For IRAs and Retirement Plan Contributions
• You can directly contribute up to $100,000 through your IRA custodian to a charity and not be taxed on that money
• In a 401K, the maximum contribution is $15,000; In a ROTH IRA, the maximum is $4,000; with a simple IRA you save up to $10,000. In addition, you can match your contribution up to 3 percent from your business. The new part is that if you are over 50, the Catch Up Contribution allows you to put away an extra $5,000 in a 401K or $1,000 in a simple IRA. The contribution only has to be made before you file your tax return in April, but the plan has to be set up by Dec. 31, 2006. Changes in 2006
• Your business can pay up to $5,150 to your children in your business tax free. If they are under 18 and independent contractors, no social security or federal unemployment tax is paid either
• Capital gains are 15 percent unless you are in that tax bracket anyway, then it is reduced to 5 percent. Therefore, you might want to give stock or real estate that has appreciated significantly to your children over 18 who make less than $31,000 a year and have them sell it.
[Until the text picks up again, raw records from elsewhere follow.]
(* For every $n>3$ and every $\alpha\in\{28,32,44,140\}$, the sensitivity to synchronism of elementary cellular automaton rule $\alpha$ satisfies $\mu(f_{\alpha,n})=\dfrac{2^n-1}{3^n-2^{n+1}+2}$.
   Context: Cells are indexed by $\mathbb{Z}_n=\{0,\dots,n-1\}$, indices modulo $n$. The local rules are $r_{28}(x_1,x_2,x_3)=(\neg x_1\wedge x_2)\vee(x_1\wedge\neg x_2\wedge\neg x_3)$, $r_{32}=x_1\wedge\neg x_2\wedge x_3$, $r_{44}=(\neg x_1\wedge x_2)\vee(x_1\wedge\neg x_2\wedge x_3)$, $r_{140}=x_2\wedge(\neg x_1\vee x_3)$. The global function is $f_{\alpha,n}(x)_i=r_\alpha(x_{i-1},x_i,x_{i+1})$. An update schedule is an ordered partition $\Delta=(\Delta_1,\dots,\Delta_k)$ of $\mathbb{Z}_n$ into nonempty blocks; $\mathcal{P}_n$ is the set of them. For a block $B$ let $f^{(B)}(x)_i=f_{\alpha,n}(x)_i$ if $i\in B$ and $x_i$ otherwise; $f^{(\Delta)}_{\alpha,n}=f^{(\Delta_k)}\circ\cdots\circ f^{(\Delta_1)}$. The dynamics of $\Delta$ is the transition digraph with arcs $(x,f^{(\Delta)}_{\alpha,n}(x))$; $\mathcal{D}(f_{\alpha,n})$ is the set of distinct dynamics over $\Delta\in\mathcal{P}_n$. The sensitivity to synchronism is $\mu(f_{\alpha,n})=|\mathcal{D}(f_{\alpha,n})|/(3^n-2^{n+1}+2)$. *)

theory Defs
  imports Complex_Main
begin

definition eca_rule :: "nat \<Rightarrow> bool \<Rightarrow> bool \<Rightarrow> bool \<Rightarrow> bool" where
  "eca_rule \<alpha> x1 x2 x3 =
     (if \<alpha> = 28 then (\<not> x1 \<and> x2) \<or> (x1 \<and> \<not> x2 \<and> \<not> x3)
      else if \<alpha> = 32 then x1 \<and> \<not> x2 \<and> x3
      else if \<alpha> = 44 then (\<not> x1 \<and> x2) \<or> (x1 \<and> \<not> x2 \<and> x3)
      else if \<alpha> = 140 then x2 \<and> (\<not> x1 \<or> x3)
      else undefined)"

definition configs :: "nat \<Rightarrow> bool list set" where
  "configs n = {x. length x = n}"

definition global_fun :: "nat \<Rightarrow> nat \<Rightarrow> bool list \<Rightarrow> bool list" where
  "global_fun \<alpha> n x =
     map (\<lambda>i. eca_rule \<alpha> (x ! ((i + n - 1) mod n)) (x ! i) (x ! ((i + 1) mod n))) [0..<n]"

definition block_update :: "nat \<Rightarrow> nat \<Rightarrow> nat set \<Rightarrow> bool list \<Rightarrow> bool list" where
  "block_update \<alpha> n B x =
     map (\<lambda>i. if i \<in> B then global_fun \<alpha> n x ! i else x ! i) [0..<n]"

definition schedules :: "nat \<Rightarrow> nat set list set" where
  "schedules n = {\<Delta>. (\<forall>B \<in> set \<Delta>. B \<noteq> {}) \<and>
                      (\<forall>i < length \<Delta>. \<forall>j < length \<Delta>. i \<noteq> j \<longrightarrow> \<Delta> ! i \<inter> \<Delta> ! j = {}) \<and>
                      \<Union> (set \<Delta>) = {0..<n}}"

definition sched_update :: "nat \<Rightarrow> nat \<Rightarrow> nat set list \<Rightarrow> bool list \<Rightarrow> bool list" where
  "sched_update \<alpha> n \<Delta> x = foldl (\<lambda>y B. block_update \<alpha> n B y) x \<Delta>"

definition dynamics :: "nat \<Rightarrow> nat \<Rightarrow> nat set list \<Rightarrow> (bool list \<times> bool list) set" where
  "dynamics \<alpha> n \<Delta> = {(x, sched_update \<alpha> n \<Delta> x) | x. x \<in> configs n}"

definition all_dynamics :: "nat \<Rightarrow> nat \<Rightarrow> (bool list \<times> bool list) set set" where
  "all_dynamics \<alpha> n = dynamics \<alpha> n ` schedules n"

definition sensitivity :: "nat \<Rightarrow> nat \<Rightarrow> real" where
  "sensitivity \<alpha> n = real (card (all_dynamics \<alpha> n)) / (3 ^ n - 2 ^ (n + 1) + 2)"

end

theory Submission
  imports Defs
begin

text \<open>Let \<open>\<rho> j\<close> be the index of the block containing cell \<open>j\<close>. The image \<open>F\<close> of \<open>x\<close> under the
  block-sequential update is the unique solution of \<open>F i = r (y (i - 1)) (x i) (y (i + 1))\<close>, where
  \<open>y j = F j\<close> if \<open>\<rho> j < \<rho> i\<close> and \<open>y j = x j\<close> otherwise. For each of the four rules only one
  neighbour of a cell can pass on an updated value that makes a difference (for rule 32 an updated
  neighbour on either side forces the cell to 0), so \<open>F\<close> depends on the schedule only through one
  bit per cell, the signature. For \<open>n > 3\<close> two schedules with different signatures are told apart
  by an explicit configuration. The signatures are exactly the bit vectors that are not constantly
  true (the cells of the first block never see updated neighbours), so there are \<open>2 ^ n - 1\<close>
  distinct dynamics.\<close>

definition left_cell :: "nat \<Rightarrow> nat \<Rightarrow> nat" where
  "left_cell n i = (i + n - 1) mod n"

definition right_cell :: "nat \<Rightarrow> nat \<Rightarrow> nat" where
  "right_cell n i = (i + 1) mod n"

lemma left_cell_eq: "i < n \<Longrightarrow> left_cell n i = (if i = 0 then n - 1 else i - 1)"
  by (cases i) (auto simp: left_cell_def)

lemma right_cell_eq: "i < n \<Longrightarrow> right_cell n i = (if i = n - 1 then 0 else i + 1)"
  by (auto simp: right_cell_def)

lemma left_cell_lt: "i < n \<Longrightarrow> left_cell n i < n"
  by (auto simp: left_cell_eq)

lemma right_cell_lt: "i < n \<Longrightarrow> right_cell n i < n"
  by (auto simp: right_cell_eq)

lemma right_left_cell [simp]: "i < n \<Longrightarrow> right_cell n (left_cell n i) = i"
  by (auto simp: left_cell_eq right_cell_eq)

lemma left_right_cell [simp]: "i < n \<Longrightarrow> left_cell n (right_cell n i) = i"
  by (auto simp: left_cell_eq right_cell_eq)

definition block_of :: "nat set list \<Rightarrow> nat \<Rightarrow> nat" where
  "block_of \<Delta> j = (SOME m. m < length \<Delta> \<and> j \<in> \<Delta> ! m)"

lemma block_of_in:
  assumes "m < length \<Delta>" "j \<in> \<Delta> ! m"
  shows "block_of \<Delta> j < length \<Delta> \<and> j \<in> \<Delta> ! block_of \<Delta> j"
  unfolding block_of_def by (rule someI[of _ m]) (use assms in simp)

lemma block_of_eqI:
  assumes "\<Delta> \<in> schedules n" "m < length \<Delta>" "j \<in> \<Delta> ! m"
  shows "block_of \<Delta> j = m"
proof (rule ccontr)
  assume "block_of \<Delta> j \<noteq> m"
  moreover have "block_of \<Delta> j < length \<Delta>" "j \<in> \<Delta> ! block_of \<Delta> j"
    using block_of_in[OF assms(2,3)] by auto
  ultimately have "j \<in> \<Delta> ! block_of \<Delta> j \<inter> \<Delta> ! m"
    using assms(3) by simp
  moreover have "\<Delta> ! block_of \<Delta> j \<inter> \<Delta> ! m = {}"
    using assms(1) \<open>block_of \<Delta> j \<noteq> m\<close> \<open>block_of \<Delta> j < length \<Delta>\<close> assms(2)
    unfolding schedules_def by blast
  ultimately show False
    by simp
qed

lemma block_exists:
  assumes "\<Delta> \<in> schedules n" "j < n"
  obtains m where "m < length \<Delta>" "j \<in> \<Delta> ! m"
proof -
  have "j \<in> \<Union> (set \<Delta>)"
    using assms unfolding schedules_def by auto
  then show ?thesis
    using that by (metis UnionE in_set_conv_nth)
qed

lemma block_of_lt:
  assumes "\<Delta> \<in> schedules n" "j < n"
  shows "block_of \<Delta> j < length \<Delta>"
  using block_exists[OF assms] block_of_eqI[OF assms(1)] by metis

lemma in_block_iff:
  assumes "\<Delta> \<in> schedules n" "j < n" "m < length \<Delta>"
  shows "j \<in> \<Delta> ! m \<longleftrightarrow> block_of \<Delta> j = m"
  using block_exists[OF assms(1,2)] block_of_eqI[OF assms(1)] assms(3) by metis

text \<open>With \<open>\<rho>\<close> the block index, \<open>visible \<rho> x F i j\<close> is the value of cell \<open>j\<close> at the moment
  cell \<open>i\<close> is updated, if \<open>F\<close> is the final configuration.\<close>

definition visible :: "(nat \<Rightarrow> nat) \<Rightarrow> bool list \<Rightarrow> bool list \<Rightarrow> nat \<Rightarrow> nat \<Rightarrow> bool" where
  "visible \<rho> x F i j = (if \<rho> j < \<rho> i then F ! j else x ! j)"

definition update_equations :: "nat \<Rightarrow> nat \<Rightarrow> (nat \<Rightarrow> nat) \<Rightarrow> bool list \<Rightarrow> bool list \<Rightarrow> bool" where
  "update_equations \<alpha> n \<rho> x F \<longleftrightarrow> length F = n \<and>
     (\<forall>i<n. F ! i = eca_rule \<alpha> (visible \<rho> x F i (left_cell n i)) (x ! i) (visible \<rho> x F i (right_cell n i)))"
You just have to stay within gift tax limits.
• You can deduct equipment used more than 50 percent for the business as long as you elect it (check the box). That includes computers, software, desks and sport utility vehicles
• Losses for S-Corporations require sufficient basis or contribution for you to be able to deduct on your individual tax return
• If you forgot to pay your children throughout the year and you can reconstruct those hours, you can pay them in December
• If you owner-finance a real estate sale, you pay tax over the time the payments are made so you stretch out the taxes and you earn interest
• Household items given away to charity have to be in good condition
• You must either use a check or get a receipt rather than using cash to write off monetary charity contributions.
And we will end the year with some of the exceptions for the rule that interest incurred to pay life insurance policies is not tax-deductible. Exceptions to this double-dipping rule include:
• If interest is under $100 a year
• If an unforeseen event occurs that forces you to borrow to pay an insurance policy, including a casualty loss, job loss or medical emergency
• Interest incurred in conjunction with a trade or business – if you use life insurance as capital for a loan to expand inventory, key employee insurance
• If you make four years of payments out of seven years of equal insurance payments, you can borrow to make the rest of the payments and deduct that interest.